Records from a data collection
# # # # # # #

(* Let $T_1,\dots,T_m$ be a sequence of conjunctions over $\{0,1\}^n$, presented one at a time, each of which is a conjunction of some subset of metafeatures $m_1,\dots,m_k$ satisfying the anchor-variable condition. Then there is an online learner that exactly learns every target in the sequence using only $O(mk+n^3)$ equivalence queries in total.
   Context: A monomial/conjunction of positive variables is identified with its set of variables; a conjunction of a subset of metafeatures is the union of their variable sets. Metafeatures $m_1,\dots,m_k$ satisfy the anchor-variable condition if each $m_i$ contains a variable belonging to no other $m_j$. In the equivalence query model, the learner proposes a hypothesis and either is told it is exactly correct or receives a counterexample; the targets arrive sequentially and the learner may retain information (e.g., learned hypotheses) from earlier targets. *)

theory Defs
  imports Main
begin

(* Instances of {0,1}^n are boolean lists of length n; variable i is x ! i. *)
type_synonym inst = "bool list"
type_synonym hyp = "inst \<Rightarrow> bool"

definition conj :: "nat set \<Rightarrow> hyp" where
  "conj S x \<longleftrightarrow> (\<forall>i\<in>S. x ! i)"

definition anchor_cond :: "nat \<Rightarrow> (nat \<Rightarrow> nat set) \<Rightarrow> bool" where
  "anchor_cond k M \<longleftrightarrow>
     (\<forall>i<k. \<exists>v\<in>M i. \<forall>j<k. j \<noteq> i \<longrightarrow> v \<notin> M j)"

(* A transcript: Some x = counterexample x received for the current target,
   None = "correct", i.e. the current target has been learned and the next
   target starts. A learner for dimension n maps the transcript so far
   (over all earlier targets and the current one) to its next hypothesis. *)
type_synonym history = "inst option list"
type_synonym learner = "history \<Rightarrow> hyp"

(* Reachable states (remaining targets, transcript, number of equivalence
   queries asked so far), for every possible (adaptive) choice of
   counterexamples by the adversary. *)
inductive eq_run :: "nat \<Rightarrow> learner \<Rightarrow> nat set list
                      \<Rightarrow> nat set list \<Rightarrow> history \<Rightarrow> nat \<Rightarrow> bool"
  for n :: nat and L :: learner and Ts :: "nat set list" where
  start: "eq_run n L Ts Ts [] 0"
| correct: "\<lbrakk> eq_run n L Ts (T # rest) hs q;
             \<forall>x. length x = n \<longrightarrow> L hs x = conj T x \<rbrakk>
           \<Longrightarrow> eq_run n L Ts rest (hs @ [None]) (Suc q)"
| counterex: "\<lbrakk> eq_run n L Ts (T # rest) hs q;
               length x = n; L hs x \<noteq> conj T x \<rbrakk>
           \<Longrightarrow> eq_run n L Ts (T # rest) (hs @ [Some x]) (Suc q)"

end

theory Submission imports Defs Complex_Main begin

text \<open>The learner is a weighted halving algorithm over experts that guess the metafeatures and
  the index sets of all targets so far. It predicts by weighted majority, so every counterexample
  removes at least half of the remaining weight. When a target is learned, each surviving expert
  is split into 2^k experts guessing the next index set, each with 2^-k of its weight, so the total
  weight never grows. The true expert survives and has weight 2^-(k(n+1) + (c+1)k) after c
  targets, which bounds the number of counterexamples by k(n+1) + (c+1)k; the anchor variables
  give k \<le> n.\<close>

definition weighted_vote :: "('e \<Rightarrow> real) \<Rightarrow> ('e \<Rightarrow> 'x \<Rightarrow> bool) \<Rightarrow> 'e set \<Rightarrow> 'x \<Rightarrow> bool" where
  "weighted_vote w p S x \<longleftrightarrow> sum w S \<le> 2 * sum w {e\<in>S. p e x}"

lemma sum_disagreeing_weighted_vote_le:
  assumes "finite S"
  shows "sum w {e\<in>S. p e x \<noteq> weighted_vote w p S x} \<le> sum w S / 2"
proof -
  have split: "sum w S = sum w {e\<in>S. p e x} + sum w {e\<in>S. \<not> p e x}"
    using assms by (subst sum.union_disjoint[symmetric]) (auto intro: sum.cong)
  show ?thesis
  proof (cases "weighted_vote w p S x")
    case True
    then have "{e\<in>S. p e x \<noteq> weighted_vote w p S x} = {e\<in>S. \<not> p e x}" by auto
    with True split show ?thesis unfolding weighted_vote_def by simp
  next
    case False
    then have "{e\<in>S. p e x \<noteq> weighted_vote w p S x} = {e\<in>S. p e x}" by auto
    with False show ?thesis unfolding weighted_vote_def by simp
  qed
qed

text \<open>An expert (k, Ms, Js) guesses k metafeatures Ms and the index sets Js of the targets seen
  so far, the current one first; its weight pays n+1 bits per metafeature and k bits per target.\<close>

type_synonym expert = "nat \<times> nat set list \<times> nat set list"

fun weight :: "nat \<Rightarrow> expert \<Rightarrow> real" where
  "weight n (k, Ms, Js) = (1/2) ^ (k * (n + 1) + length Js * k)"

fun target :: "expert \<Rightarrow> nat set" where
  "target (k, Ms, Js) = (\<Union>j\<in>hd Js. Ms ! j)"

lemma weight_nonneg: "0 \<le> weight n e"
  by (cases e) simp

# # # # # # #

Problem to work on | Find the word "lemma" in the records, and report each line that has it.

Task output |
lemma sum_disagreeing_weighted_vote_le:
lemma weight_nonneg: "0 \<le> weight n e"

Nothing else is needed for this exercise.